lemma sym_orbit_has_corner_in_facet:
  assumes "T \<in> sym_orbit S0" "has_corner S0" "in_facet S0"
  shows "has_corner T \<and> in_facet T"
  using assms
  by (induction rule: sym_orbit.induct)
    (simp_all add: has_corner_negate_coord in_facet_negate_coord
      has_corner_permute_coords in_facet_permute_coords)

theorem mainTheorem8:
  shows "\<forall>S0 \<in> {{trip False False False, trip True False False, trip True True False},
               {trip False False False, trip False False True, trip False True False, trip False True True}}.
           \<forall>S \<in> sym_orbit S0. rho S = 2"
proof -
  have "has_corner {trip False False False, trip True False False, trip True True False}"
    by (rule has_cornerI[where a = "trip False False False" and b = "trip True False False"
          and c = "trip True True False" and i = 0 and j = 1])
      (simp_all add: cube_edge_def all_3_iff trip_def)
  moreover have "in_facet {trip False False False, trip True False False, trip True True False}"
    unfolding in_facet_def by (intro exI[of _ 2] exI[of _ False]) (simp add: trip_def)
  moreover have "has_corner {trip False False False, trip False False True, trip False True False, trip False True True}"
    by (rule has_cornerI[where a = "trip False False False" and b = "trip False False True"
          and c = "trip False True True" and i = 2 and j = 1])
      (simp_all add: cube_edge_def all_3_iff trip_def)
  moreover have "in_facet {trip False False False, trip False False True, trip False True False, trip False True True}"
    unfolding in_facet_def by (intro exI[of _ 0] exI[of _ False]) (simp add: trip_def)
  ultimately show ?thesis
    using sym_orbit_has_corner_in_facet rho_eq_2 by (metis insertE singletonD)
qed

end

----

> _Prompt_:
A complete, exact copy of the material above is the expected answer.

> _Completed exercise_:
lemma sym_orbit_has_corner_in_facet:
  assumes "T \<in> sym_orbit S0" "has_corner S0" "in_facet S0"
  shows "has_corner T \<and> in_facet T"
  using assms
  by (induction rule: sym_orbit.induct)
    (simp_all add: has_corner_negate_coord in_facet_negate_coord
      has_corner_permute_coords in_facet_permute_coords)

theorem mainTheorem8:
  shows "\<forall>S0 \<in> {{trip False False False, trip True False False, trip True True False},
               {trip False False False, trip False False True, trip False True False, trip False True True}}.
           \<forall>S \<in> sym_orbit S0. rho S = 2"
proof -
  have "has_corner {trip False False False, trip True False False, trip True True False}"
    by (rule has_cornerI[where a = "trip False False False" and b = "trip True False False"
          and c = "trip True True False" and i = 0 and j = 1])
      (simp_all add: cube_edge_def all_3_iff trip_def)
  moreover have "in_facet {trip False False False, trip True False False, trip True True False}"
    unfolding in_facet_def by (intro exI[of _ 2] exI[of _ False]) (simp add: trip_def)
  moreover have "has_corner {trip False False False, trip False False True, trip False True False, trip False True True}"
    by (rule has_cornerI[where a = "trip False False False" and b = "trip False False True"
          and c = "trip False True True" and i = 2 and j = 1])
      (simp_all add: cube_edge_def all_3_iff trip_def)
  moreover have "in_facet {trip False False False, trip False False True, trip False True False, trip False True True}"
    unfolding in_facet_def by (intro exI[of _ 0] exI[of _ False]) (simp add: trip_def)
  ultimately show ?thesis
    using sym_orbit_has_corner_in_facet rho_eq_2 by (metis insertE singletonD)
qed

end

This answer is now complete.